The problem Tim Berners Lee found was information loss, not particle physics. CERN employed a thousand people in 1989. Due to team size and complexity, people often struggled to recall past project information. While these obstacles could be overcome, high turnover was nearly impossible. Berners Lee addressed the issue in a proposal titled ‘Information Management'.
When a typical stay is two years, data is constantly lost. The introduction of new people takes a lot of time from them and others before they understand what is going on. An emergency situation may require a detective investigation to recover technical details of past projects. Often, the data is recorded but cannot be found. — Information Management: A Proposal
He had an idea. Create an information management system that allowed users to access data in a decentralized manner using a new technology called ‘hypertext'.
To quote Berners Lee, his proposal was “vague but exciting...”. The paper eventually evolved into the internet we know today. Here are three popular W3C standards used by billions of people today:
(credit: CERN)
HTML (Hypertext Markup)
A web formatting language.
URI (Unique Resource Identifier)
Each web resource has its own “address”. Known as ‘a URL'.
HTTP (Hypertext Transfer Protocol)
Retrieves linked resources from across the web.
These technologies underpin all computer work. They were the seeds of our quest to reorganize information, a task as fruitful as particle physics.
Tim Berners-Lee would probably think the three decades from 1989 to 2018 were eventful. He'd be amazed by the billions, the inspiring, the novel. Unlocking innovation at CERN through ‘Information Management'.

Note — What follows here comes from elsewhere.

(* Consider the optimisation problem of choosing a set of bins $\{\Delta_b\}_{b=1}^{B}$ (disjoint intervals whose union is $[0,1]$, with $B$ arbitrary) that minimises $\sum_{b=1}^{B} \frac{N_b}{N}\,\mathrm{D}(\mathcal{D}_b^y,\widehat{P}_b)$ subject to $\widehat{P}_1 \le \dots \le \widehat{P}_B$, where $\mathrm{D}(\mathcal{D}_b^y,\widehat{P}_b) = \frac{1}{N_b}\sum_{y_i\in\mathcal{D}_b^y}(y_i-\widehat{P}_b)^2$ is the within-bin variance. The minimum of this problem is attained at the bins computed as follows: sort the labels $\{y_i\}_{i=1}^N$ in ascending order of the model predictions $\{P_\theta(x_i)\}_{i=1}^N$; apply the pool-adjacent-violators algorithm (PAVA), i.e. monotonic regression under the squared error $\sum_{i=1}^N(\widehat{y}_i-y_i)^2$, to obtain a monotonically increasing fitted sequence $\{\widehat{y}_i\}_{i=1}^N$; and place a bin boundary at $(P_\theta(x_{i-1})+P_\theta(x_i))/2$ for every $i$ with $\widehat{y}_{i-1}\ne\widehat{y}_i$ (the first bin starting at $0$ and the last bin ending at $1$).
   Context: Binary classification with data $\mathcal{D}=\{(x_i,y_i)\}_{i=1}^N$, $y_i\in\{0,1\}$, and a probabilistic classifier $P_\theta:\mathcal{X}\to[0,1]$. For a set of bins $\{\Delta_b\}_{b=1}^B$, the data subsets are $\mathcal{D}_b=\{(x_i,y_i)\in\mathcal{D}\mid P_\theta(x_i)\in\Delta_b\}$, with label set $\mathcal{D}_b^y$, size $N_b$, and empirical probability $\widehat{P}_b=\frac{1}{N_b}\sum_{y_i\in\mathcal{D}_b^y}y_i$. It is assumed that the solution of the optimisation problem is not the trivial single bin $\{[0,1]\}$. *)

theory Defs
  imports "HOL-Analysis.Analysis"
begin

The fictional character would probably need a drink, walk, and a few deep breaths to fully grasp the internet's impact. He'd be surprised to see a few big names in the mix.

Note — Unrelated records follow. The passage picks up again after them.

(* Let $l$ be a positive integer and let $G_l$ be the graph obtained by identifying a vertex of the complete graph $K_{l+2}$ with a vertex of the Cartesian product $P_{l+1}\times P_2$. Then $k(G_l)=1$ and $p(G_l)=l$.
   Context: All graphs are finite and simple. $P_n$ is the path on $n$ vertices; the Cartesian product $G_1\times G_2$ has vertex set $V(G_1)\times V(G_2)$, with $(u_1,u_2)$ adjacent to $(v_1,v_2)$ iff either $u_1=v_1$ and $u_2v_2\in E(G_2)$, or $u_2=v_2$ and $u_1v_1\in E(G_1)$. For an acyclic digraph $D$, the competition graph $C(D)$ is the graph on $V(D)$ in which distinct $u,v$ are adjacent iff they have a common out-neighbor in $D$. The competition number $k(G)$ is the smallest $k\ge 0$ such that $G$ together with $k$ new isolated vertices is the competition graph of some acyclic digraph. The phylogeny graph $P(D)$ of an acyclic digraph $D$ is the graph on $V(D)$ in which distinct vertices $u,v$ are adjacent iff $(u,v)\in A(D)$, or $(v,u)\in A(D)$, or they have a common out-neighbor in $D$. A phylogeny digraph for a graph $G$ is an acyclic digraph $D$ such that $G$ is an induced subgraph of $P(D)$ and $D$ has no arc from a vertex of $V(D)\setminus V(G)$ to a vertex of $V(G)$. The phylogeny number $p(G)$ is the minimum of $|V(D)\setminus V(G)|$ over all phylogeny digraphs $D$ for $G$. *)

theory Defs
  imports Main
begin

text \<open>A finite simple graph is given by a vertex set V and a symmetric, irreflexive
  adjacency predicate E (only relevant on V).\<close>

definition path_V :: "nat \<Rightarrow> nat set" where
  "path_V n = {..<n}"

definition path_E :: "nat \<Rightarrow> nat \<Rightarrow> nat \<Rightarrow> bool" where
  "path_E n i j \<longleftrightarrow> i < n \<and> j < n \<and> (i + 1 = j \<or> j + 1 = i)"

definition complete_V :: "nat \<Rightarrow> nat set" where
  "complete_V n = {..<n}"

definition complete_E :: "nat \<Rightarrow> nat \<Rightarrow> nat \<Rightarrow> bool" where
  "complete_E n i j \<longleftrightarrow> i < n \<and> j < n \<and> i \<noteq> j"

definition cart_V :: "'a set \<Rightarrow> 'b set \<Rightarrow> ('a \<times> 'b) set" where
  "cart_V V1 V2 = V1 \<times> V2"

definition cart_E :: "'a set \<Rightarrow> ('a \<Rightarrow> 'a \<Rightarrow> bool) \<Rightarrow> 'b set \<Rightarrow> ('b \<Rightarrow> 'b \<Rightarrow> bool)
    \<Rightarrow> 'a \<times> 'b \<Rightarrow> 'a \<times> 'b \<Rightarrow> bool" where
  "cart_E V1 E1 V2 E2 x y \<longleftrightarrow> x \<in> V1 \<times> V2 \<and> y \<in> V1 \<times> V2 \<and>
     ((fst x = fst y \<and> E2 (snd x) (snd y)) \<or> (snd x = snd y \<and> E1 (fst x) (fst y)))"

text \<open>Identifying vertex a of G1 with vertex b of G2: vertex Inr b is replaced by Inl a.\<close>
definition glue_map :: "'a \<Rightarrow> 'b \<Rightarrow> 'a + 'b \<Rightarrow> 'a + 'b" where
  "glue_map a b x = (case x of Inl u \<Rightarrow> Inl u | Inr v \<Rightarrow> (if v = b then Inl a else Inr v))"

definition glue_V :: "'a set \<Rightarrow> 'a \<Rightarrow> 'b set \<Rightarrow> 'b \<Rightarrow> ('a + 'b) set" where
  "glue_V V1 a V2 b = Inl ` V1 \<union> Inr ` (V2 - {b})"

definition glue_E :: "('a \<Rightarrow> 'a \<Rightarrow> bool) \<Rightarrow> 'a \<Rightarrow> ('b \<Rightarrow> 'b \<Rightarrow> bool) \<Rightarrow> 'b
    \<Rightarrow> 'a + 'b \<Rightarrow> 'a + 'b \<Rightarrow> bool" where
  "glue_E E1 a E2 b x y \<longleftrightarrow> x \<noteq> y \<and>
     ((\<exists>u v. E1 u v \<and> x = Inl u \<and> y = Inl v) \<or>
      (\<exists>u v. E2 u v \<and> x = glue_map a b (Inr u) \<and> y = glue_map a b (Inr v)))"

definition Gl_V :: "nat \<Rightarrow> (nat + nat \<times> nat) set" where
  "Gl_V l = glue_V (complete_V (l + 2)) 0 (cart_V (path_V (l + 1)) (path_V 2)) (0, 0)"

definition Gl_E :: "nat \<Rightarrow> nat + nat \<times> nat \<Rightarrow> nat + nat \<times> nat \<Rightarrow> bool" where
  "Gl_E l = glue_E (complete_E (l + 2)) 0 (cart_E (path_V (l + 1)) (path_E (l + 1)) (path_V 2) (path_E 2)) (0, 0)"

text \<open>Competition number: G together with k new isolated vertices (Inr 0, ..., Inr (k-1))
  is the competition graph of an acyclic digraph A on that vertex set.\<close>
definition competition_number :: "'a set \<Rightarrow> ('a \<Rightarrow> 'a \<Rightarrow> bool) \<Rightarrow> nat" where
  "competition_number V E = (LEAST k. \<exists>A :: (('a + nat) \<times> ('a + nat)) set.
     A \<subseteq> (Inl ` V \<union> Inr ` {..<k}) \<times> (Inl ` V \<union> Inr ` {..<k}) \<and> acyclic A \<and>
     (\<forall>x \<in> Inl ` V \<union> Inr ` {..<k}. \<forall>y \<in> Inl ` V \<union> Inr ` {..<k}. x \<noteq> y \<longrightarrow>
        ((\<exists>u v. x = Inl u \<and> y = Inl v \<and> E u v) \<longleftrightarrow>
         (\<exists>w. (x, w) \<in> A \<and> (y, w) \<in> A))))"

text \<open>Phylogeny number: minimum number k of extra vertices (Inr 0, ..., Inr (k-1)) of an
  acyclic digraph D on V plus the extra vertices such that G is an induced subgraph of
  the phylogeny graph P(D) and there is no arc from an extra vertex to a vertex of G.\<close>
definition phylogeny_adj :: "('v \<times> 'v) set \<Rightarrow> 'v \<Rightarrow> 'v \<Rightarrow> bool" where
  "phylogeny_adj A x y \<longleftrightarrow> x \<noteq> y \<and>
     ((x, y) \<in> A \<or> (y, x) \<in> A \<or> (\<exists>w. (x, w) \<in> A \<and> (y, w) \<in> A))"

definition phylogeny_number :: "'a set \<Rightarrow> ('a \<Rightarrow> 'a \<Rightarrow> bool) \<Rightarrow> nat" where
  "phylogeny_number V E = (LEAST k. \<exists>A :: (('a + nat) \<times> ('a + nat)) set.
     A \<subseteq> (Inl ` V \<union> Inr ` {..<k}) \<times> (Inl ` V \<union> Inr ` {..<k}) \<and> acyclic A \<and>
     (\<forall>i u. (Inr i, Inl u) \<notin> A) \<and>
     (\<forall>u \<in> V. \<forall>v \<in> V. u \<noteq> v \<longrightarrow> (E u v \<longleftrightarrow> phylogeny_adj A (Inl u) (Inl v))))"

end

theory Submission
  imports Defs
begin

text \<open>G_l has no isolated vertex, while an acyclic digraph has a vertex without out-neighbours,
  which competes with nobody; so k(G_l) \<ge> 1. One extra vertex suffices: it is the common prey
  of K_{l+2}, and the 3l + 1 edges of the ladder P_{l+1} x P_2 are realised as in-neighbourhoods
  of vertices of G_l.

  In a phylogeny digraph D, every edge uv of G lies in the closed in-neighbourhood of some
  vertex w, and these neighbourhoods are cliques of G. Ladder edges lie in no triangle of G_l
  (the ladder is bipartite and meets K_{l+2} in a single vertex), so each ladder edge is a whole
  closed in-neighbourhood, and distinct edges need distinct vertices w. A source of D among the
  2l + 2 ladder vertices is no such w, hence 3l + 1 \<le> (2l + 1) + p(G_l), i.e. p(G_l) \<ge> l;
  an explicit digraph with l extra vertices attains this.\<close>

section \<open>Competition and phylogeny digraphs\<close>

definition competition_digraph ::
    "'a set \<Rightarrow> ('a \<Rightarrow> 'a \<Rightarrow> bool) \<Rightarrow> nat \<Rightarrow> (('a + nat) \<times> ('a + nat)) set \<Rightarrow> bool" where
  "competition_digraph V E k A \<longleftrightarrow>
     A \<subseteq> (Inl ` V \<union> Inr ` {..<k}) \<times> (Inl ` V \<union> Inr ` {..<k}) \<and> acyclic A \<and>
     (\<forall>x \<in> Inl ` V \<union> Inr ` {..<k}. \<forall>y \<in> Inl ` V \<union> Inr ` {..<k}. x \<noteq> y \<longrightarrow>
        ((\<exists>u v. x = Inl u \<and> y = Inl v \<and> E u v) \<longleftrightarrow> (\<exists>w. (x, w) \<in> A \<and> (y, w) \<in> A)))"

definition phylogeny_digraph ::
    "'a set \<Rightarrow> ('a \<Rightarrow> 'a \<Rightarrow> bool) \<Rightarrow> nat \<Rightarrow> (('a + nat) \<times> ('a + nat)) set \<Rightarrow> bool" where
  "phylogeny_digraph V E k A \<longleftrightarrow>
     A \<subseteq> (Inl ` V \<union> Inr ` {..<k}) \<times> (Inl ` V \<union> Inr ` {..<k}) \<and> acyclic A \<and>
     (\<forall>i u. (Inr i, Inl u) \<notin> A) \<and>
     (\<forall>u \<in> V. \<forall>v \<in> V. u \<noteq> v \<longrightarrow> (E u v \<longleftrightarrow> phylogeny_adj A (Inl u) (Inl v)))"

lemma competition_number_Least:
  "competition_number V E = (LEAST k. \<exists>A. competition_digraph V E k A)"
  unfolding competition_number_def competition_digraph_def ..

lemma phylogeny_number_Least:
  "phylogeny_number V E = (LEAST k. \<exists>A. phylogeny_digraph V E k A)"
  unfolding phylogeny_number_def phylogeny_digraph_def ..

Then he'd say, "Something's wrong here."
We should review the web's history before going there. Was it a success after Berners Lee made it public? Web1 and Web2: What is it about what we are doing now that so many believe we need a new one, web3?

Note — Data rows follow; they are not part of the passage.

(* Let $w$ be a word of length $n \geq 9$ over some alphabet such that $w$ contains no $3$-antipower as a factor and $w$ contains exactly three distinct letters. Then, up to a bijective renaming of the letters (to $0,1,2$), the following hold: (a) if $n \equiv 0 \pmod 3$, there is no such $w$; (b) if $n \equiv 1 \pmod 3$, then $w = 01^{n-2}2$; (c) if $n \equiv 2 \pmod 3$, then $w$ is one of $001^{n-3}2$, $010^{n-3}2$, $01^{n-2}2$, $01^{n-3}21$, or $01^{n-3}22$.
   Context: A $3$-antipower is a word $u_1u_2u_3$ with $|u_1|=|u_2|=|u_3|$ and $u_1,u_2,u_3$ pairwise distinct; a factor is a contiguous subword. $a^m$ denotes $m$ consecutive copies of the letter $a$. *)

theory Defs
  imports Main "HOL-Library.Sublist"
begin

definition antipower3 :: "'a list \<Rightarrow> bool" where
  "antipower3 x \<longleftrightarrow> (\<exists>u1 u2 u3. x = u1 @ u2 @ u3 \<and>
      length u1 = length u2 \<and> length u2 = length u3 \<and>
      u1 \<noteq> u2 \<and> u1 \<noteq> u3 \<and> u2 \<noteq> u3)"

definition has_3antipower_factor :: "'a list \<Rightarrow> bool" where
  "has_3antipower_factor w \<longleftrightarrow> (\<exists>x. sublist x w \<and> antipower3 x)"

end

(*
  Induction on the length from 9. The base case is a finite check: enumerating the words of
  length 9 over {0, 1, 2} letter by letter, discarding those with an antipower suffix, leaves
  no word containing all three letters.

  For the step, let w have length n + 1. If its last letter occurs earlier, then w without it
  is still ternary and antipower-free, hence by induction a normal form of length n up to
  renaming, and checking the one-letter extensions of the normal forms shows that w is a normal
  form of length n + 1. If instead its first letter occurs later, the same applies to the
  reversal of w, and the normal forms are closed under reversal up to renaming. Otherwise
  w = a c^(n-1) b with a, b, c distinct, and this word is itself an antipower when 3 divides
  its length.
*)
theory Submission
  imports Defs
begin

definition thirds :: "'a list \<Rightarrow> 'a list list" where
  "thirds x = (let k = length x div 3 in [take k x, take k (drop k x), drop (2 * k) x])"

lemma thirds_append:
  assumes "length u1 = k" "length u2 = k" "length u3 = k"
  shows "thirds (u1 @ u2 @ u3) = [u1, u2, u3]"
proof -
  have "length (u1 @ u2 @ u3) div 3 = k" using assms by simp
  then show ?thesis using assms by (simp add: thirds_def)
qed
lemma htau_mult_hsigma:
  assumes "p^2 - 4*q \<ge> 0"
  shows "htau p q * hsigma p q = q"
proof -
  have "hDelta p q ^ 2 = p^2 - 4*q" using assms by (simp add: hDelta_def)
  then show ?thesis by (simp add: htau_def hsigma_def field_simps power2_eq_square)
qed

lemma hu_binet: "hu p q k = (htau p q powi k - hsigma p q powi k) / (htau p q - hsigma p q)"
  by (simp add: hu_def htau_minus_hsigma)

definition geo_alpha :: "real \<Rightarrow> real \<Rightarrow> int \<Rightarrow> int \<Rightarrow> int \<Rightarrow> real \<Rightarrow> real" where
  "geo_alpha p q m r s z = hu p q (r-s) * z powi m"

definition geo_beta :: "real \<Rightarrow> real \<Rightarrow> int \<Rightarrow> int \<Rightarrow> int \<Rightarrow> real \<Rightarrow> real" where
  "geo_beta p q m r s z = - (q powi (m-s) * hu p q (r-m) * z powi s)"

lemma hu_mult_powi_root:
  assumes "p^2 - 4*q > 0" and "q \<noteq> 0" and "z = htau p q \<or> z = hsigma p q"
  shows "hu p q (m-s) * z powi r = geo_alpha p q m r s z + geo_beta p q m r s z"
proof -
  have prod: "htau p q * hsigma p q = q"
    using assms(1) by (intro htau_mult_hsigma) simp
  then have "htau p q \<noteq> 0" "hsigma p q \<noteq> 0"
    using assms(2) by auto
  moreover have "htau p q \<noteq> hsigma p q"
    using htau_minus_hsigma[of p q] hDelta_pos[OF assms(1)] by auto
  ultimately show ?thesis
    using lucas_powi_shift[of "htau p q" "hsigma p q" z m s r] assms(3)
    by (simp add: geo_alpha_def geo_beta_def hu_binet prod)
qed

lemma alternating_term_powi:
  fixes z q U V :: real
  assumes z: "z \<noteq> 0" and j: "j \<le> n"
  shows "(-1)^j * (q powi ((m-s)*int j) * U^(n-j) * V^j) * z powi ((s-m)*int j + m*int n + t)
     = z powi t * ((U * z powi m)^(n-j) * (- (q powi (m-s) * V * z powi s))^j)"
proof -
  have "(s-m)*int j + m*int n + t = m*int (n-j) + (s*int j + t)"
    using j by (simp add: of_nat_diff algebra_simps)
  then have e: "z powi ((s-m)*int j + m*int n + t) = (z powi m)^(n-j) * ((z powi s)^j * z powi t)"
    by (simp only: power_int_affine[OF z])
  have "q powi ((m-s)*int j) = (q powi (m-s))^j"
    by (simp add: power_int_power')
  then show ?thesis
    unfolding e power_minus_mult power_mult_distrib by simp
qed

Per Outlier Ventures' Jamie Burke:
Web 1.0 was read-only.
Web 2.0 was the writable
Web 3.0 is a direct-write web.
Let's explore.
Web1: The Read-Only Web
Web1 was the digital age. We put our books, research, and lives ‘online'. The web made information retrieval easier than any filing cabinet ever. Massive amounts of data were stored online. Encyclopedias, medical records, and entire libraries were put away into floppy disks and hard drives.
In 2015, the web had around 305,500,000,000 pages of content (280 million copies of Atlas Shrugged).
Initially, one didn't expect to contribute much to this database. Web1 was an online version of the real world, but not yet a new way of using the invention.
One gets the impression that the web has been underutilized by historians if all we can say about it is that it has become a giant global fax machine. — Daniel Cohen, The Web's Second Decade (2004)
That doesn't mean developers weren't building. The web was being advanced by great minds. Web2 was born as technology advanced.
Web2: Read-Write Web
Remember when you clicked something on a website and the whole page refreshed? Is it too early to call the mid-2000s ‘the good old days'?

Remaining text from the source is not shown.